What the Judiciary Committee Should Ask Wayne LaPierre

by Frank Smyth, January 29, 2013, TheProgressive.org

On Wednesday, the Senate Judiciary Committee will hold a hearing on gun violence featuring testimony from the NRA’s Wayne LaPierre, as well as Mark Kelly, the husband of former Representative Gabrielle Giffords, Democrat of Arizona, who was shot in the head while holding a public meeting in her district two years ago.

Members of the Judiciary Committee should take the opportunity to press LaPierre on whether his organization truly represents the views of most American gun owners–and on what, specifically those views are.

While the NRA boasts a 4 million strong membership, it has a secretive and tightly controlled process for choosing its board of directors.

That’s why journalists did not find out that one of the NRA’s most trusted, top officials lives just a few miles from Sandy Hook Elementary School in Newtown, Connecticut.

Patricia A. Clark, a longtime Newtown resident, is chairman of the NRA’s shadowy, but powerful nominating committee.

She is also an instructor in the Eddie Eagle GunSafe program–heralded right after the Newtown tragedy on NBC’s “Meet the Press” by Wayne LaPierre–but she has been on the NRA’s governing board of directors since 1999, entrusted with ensuring that the NRA board’s own ruling clique remains in power.

I have spoken with numerous NRA members who complain about the obscure, Politburo-like governance of the NRA, which keeps ordinary members in the dark about how the organization is run and by whom.

One of the figures whom the NRA board quietly appointed to the 2012 Nominating Committee is George Kollitides II, the chief executive of one of America’s largest consortiums of gun manufacturers.

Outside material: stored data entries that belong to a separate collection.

(* Consider the one-hop wireless network model described in the context, where the channel powers $\gamma_{i,j}$ are i.i.d. with the generalized Pareto distribution with p.d.f. $f(x)=\frac{\alpha}{(1+x)^{\alpha+1}}$ and c.d.f. $F(x)=1-\frac{1}{(1+x)^{\alpha}}$ for $x\ge0$, where $\alpha>2$. Then, with high probability, the achievable throughput (obtained by activating the source-destination pairs with the largest direct-link powers and silencing the rest) satisfies $T=\Omega\left(n^{1/(1+\alpha)}\right)$.
   Context: Network model: $n$ sources $S_1,\dots,S_n$ and $n$ destinations $D_1,\dots,D_n$; $S_i$ wishes to communicate with $D_i$ in one hop. The channel power from $S_i$ to $D_j$ is $\gamma_{i,j}\ge0$; all $\gamma_{i,j}$ are i.i.d. with mean $\mu$. A subset $\mathbb{S}$ of sources is active, each with power $1$; $SINR_i=\frac{\gamma_{i,i}}{N_0+\sum_{S_k\in\mathbb{S},k\ne i}\gamma_{k,i}}$ for $S_i\in\mathbb{S}$ (and $0$ otherwise), with noise variance $N_0\ge0$; $D_i$ succeeds if $SINR_i>\beta$ for a fixed constant $\beta>0$. The throughput $T$ is the number of successful destinations. "With high probability" means with probability tending to $1$ as $n\to\infty$. *)

theory Defs
  imports "HOL-Probability.Probability"
begin

definition pareto_dist :: "real \<Rightarrow> real measure" where
  "pareto_dist \<alpha> = density lborel
     (\<lambda>x. ennreal (indicator {0..} x * (\<alpha> / (1 + x) powr (\<alpha> + 1))))"

text \<open>Probability space of an n-by-n i.i.d. channel matrix; gamma (i,j) is the
  power from source i to destination j, indices in {..<n}.\<close>
definition channel_space :: "real \<Rightarrow> nat \<Rightarrow> (nat \<times> nat \<Rightarrow> real) measure" where
  "channel_space \<alpha> n = (\<Pi>\<^sub>M p \<in> {..<n} \<times> {..<n}. pareto_dist \<alpha>)"

text \<open>Interference at destination i from the active set S (unit powers).\<close>
definition interference :: "(nat \<times> nat \<Rightarrow> real) \<Rightarrow> nat set \<Rightarrow> nat \<Rightarrow> real" where
  "interference \<gamma> S i = (\<Sum>k\<in>S - {i}. \<gamma> (k, i))"

text \<open>D_i succeeds iff S_i is active and SINR_i > beta, i.e.
  gamma(i,i) / (N0 + interference) > beta; written multiplicatively so that a
  zero denominator (N0 = 0, no interferers) means infinite SINR.\<close>
definition succeeds :: "real \<Rightarrow> real \<Rightarrow> (nat \<times> nat \<Rightarrow> real) \<Rightarrow> nat set \<Rightarrow> nat \<Rightarrow> bool" where
  "succeeds N0 \<beta> \<gamma> S i \<longleftrightarrow> i \<in> S \<and> \<gamma> (i, i) > \<beta> * (N0 + interference \<gamma> S i)"

definition throughput :: "real \<Rightarrow> real \<Rightarrow> (nat \<times> nat \<Rightarrow> real) \<Rightarrow> nat set \<Rightarrow> nat" where
  "throughput N0 \<beta> \<gamma> S = card {i \<in> S. succeeds N0 \<beta> \<gamma> S i}"

definition top_set :: "nat \<Rightarrow> nat \<Rightarrow> (nat \<times> nat \<Rightarrow> real) \<Rightarrow> nat set \<Rightarrow> bool" where
  "top_set n k \<gamma> S \<longleftrightarrow> S \<subseteq> {..<n} \<and> card S = k \<and>
     (\<forall>i\<in>S. \<forall>j\<in>{..<n} - S. \<gamma> (j, j) \<le> \<gamma> (i, i))"

end

theory Submission
  imports Defs "HOL-Real_Asymp.Real_Asymp"
begin
lemma grid_riemann_sum_tendsto:
  fixes H :: "real^'n::finite \<Rightarrow> real"
  assumes cont: "continuous_on unit_cube H"
  shows "(\<lambda>m. (\<Sum>k\<in>grid_index m. H (cell_center m k)) / real m ^ CARD('n)) \<longlonglongrightarrow> integral unit_cube H"
proof (rule tendstoI)
  fix r :: real assume r: "r > 0"
  obtain \<delta> where \<delta>: "\<delta> > 0"
    "\<And>x x'. x \<in> unit_cube \<Longrightarrow> x' \<in> unit_cube \<Longrightarrow> dist x' x < \<delta> \<Longrightarrow> dist (H x') (H x) < r / 2"
    using compact_uniformly_continuous[OF cont compact_unit_cube, unfolded uniformly_continuous_on_def,
        rule_format, of "r / 2"] r
    by auto
  show "\<forall>\<^sub>F m in sequentially.
      dist ((\<Sum>k\<in>grid_index m. H (cell_center m k)) / real m ^ CARD('n)) (integral unit_cube H) < r"
    using eventually_grid_cell_dist_less[OF \<delta>(1), where 'n='n]
  proof eventually_elim
    case (elim m)
    then have m: "m > 0" by blast
    let ?N = "real m ^ CARD('n)" and ?K = "grid_index m :: ('n \<Rightarrow> nat) set"
    have cell: "\<bar>integral (grid_cell m k) H - H (cell_center m k) / ?N\<bar> \<le> (r / 2) / ?N"
      if k: "k \<in> grid_index m" for k
    proof (rule abs_integral_grid_cell_minus_center[OF m])
      show "continuous_on (grid_cell m k) H"
        using cont grid_cell_subset_unit_cube[OF k] by (rule continuous_on_subset)
      show "\<bar>H x - H (cell_center m k)\<bar> \<le> r / 2" if "x \<in> grid_cell m k" for x
        using \<delta>(2)[of "cell_center m k" x] elim that cell_center_in_grid_cell[OF m, of k]
          grid_cell_subset_unit_cube[OF k] by (force simp: dist_real_def)
    qed
    have "\<bar>(\<Sum>k\<in>grid_index m. H (cell_center m k)) / ?N - integral unit_cube H\<bar> =
        \<bar>\<Sum>k\<in>grid_index m. integral (grid_cell m k) H - H (cell_center m k) / ?N\<bar>"
      by (simp add: integral_unit_cube_eq_sum_grid_cells[OF cont m] sum_subtractf
          sum_divide_distrib abs_minus_commute)
    also have "\<dots> \<le> (\<Sum>k\<in>grid_index m. \<bar>integral (grid_cell m k) H - H (cell_center m k) / ?N\<bar>)"
      by (rule sum_abs)
    also have "\<dots> \<le> (\<Sum>k\<in>?K. (r / 2) / ?N)"
      using cell by (intro sum_mono) simp
    also have "\<dots> = r / 2"
      using m by (simp add: card_grid_index)
    finally show ?case
      using r by (simp add: dist_real_def)
  qed
qed

section \<open>Sums of independent bounded centred variables\<close>

lemma (in prob_space) abs_expectation_le_const:
  fixes f :: "'a \<Rightarrow> real"
  assumes "f \<in> borel_measurable M" "AE x in M. \<bar>f x\<bar> \<le> B"
  shows "\<bar>expectation f\<bar> \<le> B"
proof -
  have "integrable M f"
    using assms by (intro integrable_const_bound[where B=B]) auto
  then have "expectation (\<lambda>x. \<bar>f x\<bar>) \<le> B"
    using assms(2) by (intro integral_le_const) auto
  then show ?thesis
    using integral_abs_bound[of M f] by linarith
qed

lemma (in prob_space) abs_variance_minus_linear_part:
  fixes Y L :: "'a \<Rightarrow> real"
  assumes [measurable]: "Y \<in> borel_measurable M" "L \<in> borel_measurable M"
    and mean_L: "expectation L = 0"
    and bound_L: "AE x in M. \<bar>L x\<bar> \<le> a"
    and bound_rest: "AE x in M. \<bar>Y x - c - L x\<bar> \<le> b"
  shows "\<bar>variance Y - expectation (\<lambda>x. (L x)\<^sup>2)\<bar> \<le> 4 * a * b + 4 * b\<^sup>2"
proof -
  define r where "r x = Y x - c - L x" for x
  define s where "s x = r x - expectation r" for x
  have [measurable]: "r \<in> borel_measurable M" "s \<in> borel_measurable M"
    unfolding r_def s_def by measurable
  have int_L: "integrable M L" and int_r: "integrable M r"
    using bound_L bound_rest unfolding r_def
    by (auto intro: integrable_const_bound[where B=a] integrable_const_bound[where B=b])
  have "\<bar>expectation r\<bar> \<le> b"
    using bound_rest unfolding r_def by (intro abs_expectation_le_const) auto
  have bound_s: "AE x in M. \<bar>s x\<bar> \<le> 2 * b"
    using bound_rest
  proof eventually_elim
    case (elim x)
    with \<open>\<bar>expectation r\<bar> \<le> b\<close> show ?case
      unfolding s_def r_def by linarith
  qed
  \<comment> \<open>Since the linear part is centred, Y minus its mean is L plus a small term s.\<close>
  have "Y = (\<lambda>x. c + L x + r x)"
    by (simp add: r_def)
  then have "expectation Y = c + expectation r"
    using int_L int_r mean_L prob_space by simp
  then have centred: "(Y x - expectation Y)\<^sup>2 = (L x)\<^sup>2 + (2 * L x * s x + (s x)\<^sup>2)" for x
    by (simp add: s_def r_def power2_eq_square algebra_simps)
  have bound_cross: "AE x in M. \<bar>2 * L x * s x + (s x)\<^sup>2\<bar> \<le> 4 * a * b + 4 * b\<^sup>2"
    using bound_L bound_s
  proof eventually_elim
    case (elim x)
    have "\<bar>L x\<bar> * \<bar>s x\<bar> \<le> a * (2 * b)"
      using elim by (intro mult_mono) auto
    moreover have "\<bar>s x\<bar>\<^sup>2 \<le> (2 * b)\<^sup>2"
      using elim(2) by (rule power_mono) simp
    moreover have "\<bar>2 * L x * s x + (s x)\<^sup>2\<bar> \<le> 2 * (\<bar>L x\<bar> * \<bar>s x\<bar>) + \<bar>s x\<bar>\<^sup>2"
      using abs_triangle_ineq[of "2 * L x * s x" "(s x)\<^sup>2"] by (simp add: abs_mult)
    ultimately show ?case
      by (simp add: power_mult_distrib)
  qed
  have "integrable M (\<lambda>x. (L x)\<^sup>2)"
    using bound_L by (intro integrable_const_bound[where B="a\<^sup>2"])
      (auto elim!: eventually_mono, metis abs_ge_zero abs_power2 power2_abs power_mono)
  moreover have "integrable M (\<lambda>x. 2 * L x * s x + (s x)\<^sup>2)"
    using bound_cross by (intro integrable_const_bound) auto
  ultimately have "variance Y - expectation (\<lambda>x. (L x)\<^sup>2) = expectation (\<lambda>x. 2 * L x * s x + (s x)\<^sup>2)"
    unfolding centred by simp
  also have "\<bar>\<dots>\<bar> \<le> 4 * a * b + 4 * b\<^sup>2"
    using bound_cross by (intro abs_expectation_le_const) auto
  finally show ?thesis .
qed

lemma abs_exp_neg_minus_linear_le:
  fixes y :: real
  assumes y: "0 \<le> y"
  shows "\<bar>exp (- y) - (1 - y)\<bar> \<le> y\<^sup>2"
proof -
  have "1 \<le> (1 - y + y\<^sup>2) * (1 + y + y\<^sup>2 / 2)"
    using y by (simp add: field_simps power2_eq_square)
  moreover have "0 \<le> 1 - y + y\<^sup>2"
    using sum_power2_ge_zero[of "y - 1/2" "sqrt (3/4)"] by (simp add: power2_eq_square algebra_simps)
  ultimately have "1 \<le> (1 - y + y\<^sup>2) * exp y"
    using exp_lower_Taylor_quadratic[OF y] by (meson mult_left_mono order_trans)
  then have "exp (- y) \<le> 1 - y + y\<^sup>2"
    by (simp add: exp_minus field_simps)
  with exp_ge_add_one_self[of "- y"] show ?thesis
    by simp
qed
lemma occurs_in_reg_subdiv_imp_supporting:
  assumes "occurs_in_reg_subdiv P h S"
  obtains b n where "\<And>q. q \<in> P \<Longrightarrow> b \<le> n \<bullet> q + h q"
    and "\<And>q. q \<in> P \<Longrightarrow> n \<bullet> q + h q = b \<longleftrightarrow> q \<in> S"
proof -
  define Q where "Q = convex hull ((\<lambda>q. (q, h q)) ` P)"
  obtain F where "lower_face P h F" and S: "S = {q \<in> P. (q, h q) \<in> F}"
    using assms unfolding occurs_in_reg_subdiv_def by blast
  then obtain u where "F \<noteq> {}" and "snd u > 0" and F: "F = {x \<in> Q. \<forall>y\<in>Q. inner u x \<le> inner u y}"
    unfolding lower_face_def Let_def Q_def by blast
  obtain x0 where "x0 \<in> F" using \<open>F \<noteq> {}\<close> by blast
  obtain n u3 where u: "u = (n, u3)" by (cases u)
  have "u3 > 0" using \<open>snd u > 0\<close> u by simp
  have lifted: "(q, h q) \<in> Q" if "q \<in> P" for q
    unfolding Q_def by (rule hull_inc) (use that in auto)
  define v where "v q = (1 / u3) *\<^sub>R n \<bullet> q + h q" for q
  have inner_lifted: "inner u (q, h q) = u3 * v q" for q
    using \<open>u3 > 0\<close> by (simp add: u v_def algebra_simps)
  show thesis
  proof (rule that[of "inner u x0 / u3" "(1 / u3) *\<^sub>R n"], unfold v_def[symmetric])
    fix q assume "q \<in> P"
    have "inner u x0 \<le> inner u (q, h q)"
      using \<open>x0 \<in> F\<close> lifted[OF \<open>q \<in> P\<close>] F by blast
    then show "inner u x0 / u3 \<le> v q"
      using \<open>u3 > 0\<close> by (simp add: inner_lifted divide_le_eq mult.commute)
    have "(q, h q) \<in> F \<longleftrightarrow> inner u (q, h q) = inner u x0"
      using \<open>x0 \<in> F\<close> lifted[OF \<open>q \<in> P\<close>] \<open>inner u x0 \<le> inner u (q, h q)\<close> F
      by (auto intro: antisym)
    then show "v q = inner u x0 / u3 \<longleftrightarrow> q \<in> S"
      using \<open>u3 > 0\<close> \<open>q \<in> P\<close> S by (auto simp: inner_lifted eq_divide_eq mult.commute)
  qed
qed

Kollitides last year also became head of the consortium Freedom Group, which includes the company that made the Bushmaster semi-automatic rifle used not just at the Sandy Hook school in Newtown, Connecticut, but also at last year’s movie theater shooting in Aurora, Colorado, and, a decade before, by the DC sniper in and around Washington.

The NRA’s executive vice president and chief executive officer, Wayne LaPierre, has artfully managed the gun lobby’s message for more than 20 years. His skills include knowing what not to say and when.

A little more than one week after the Newtown shooting on “Meet the Press” with David Gregory, LaPierre made a wholly pragmatic (and not necessarily convincing) argument. When asked whether he would support any gun control measures including restrictions on high-capacity magazines, LaPierre replied, “We don’t think it works, and we’re not going to support it.”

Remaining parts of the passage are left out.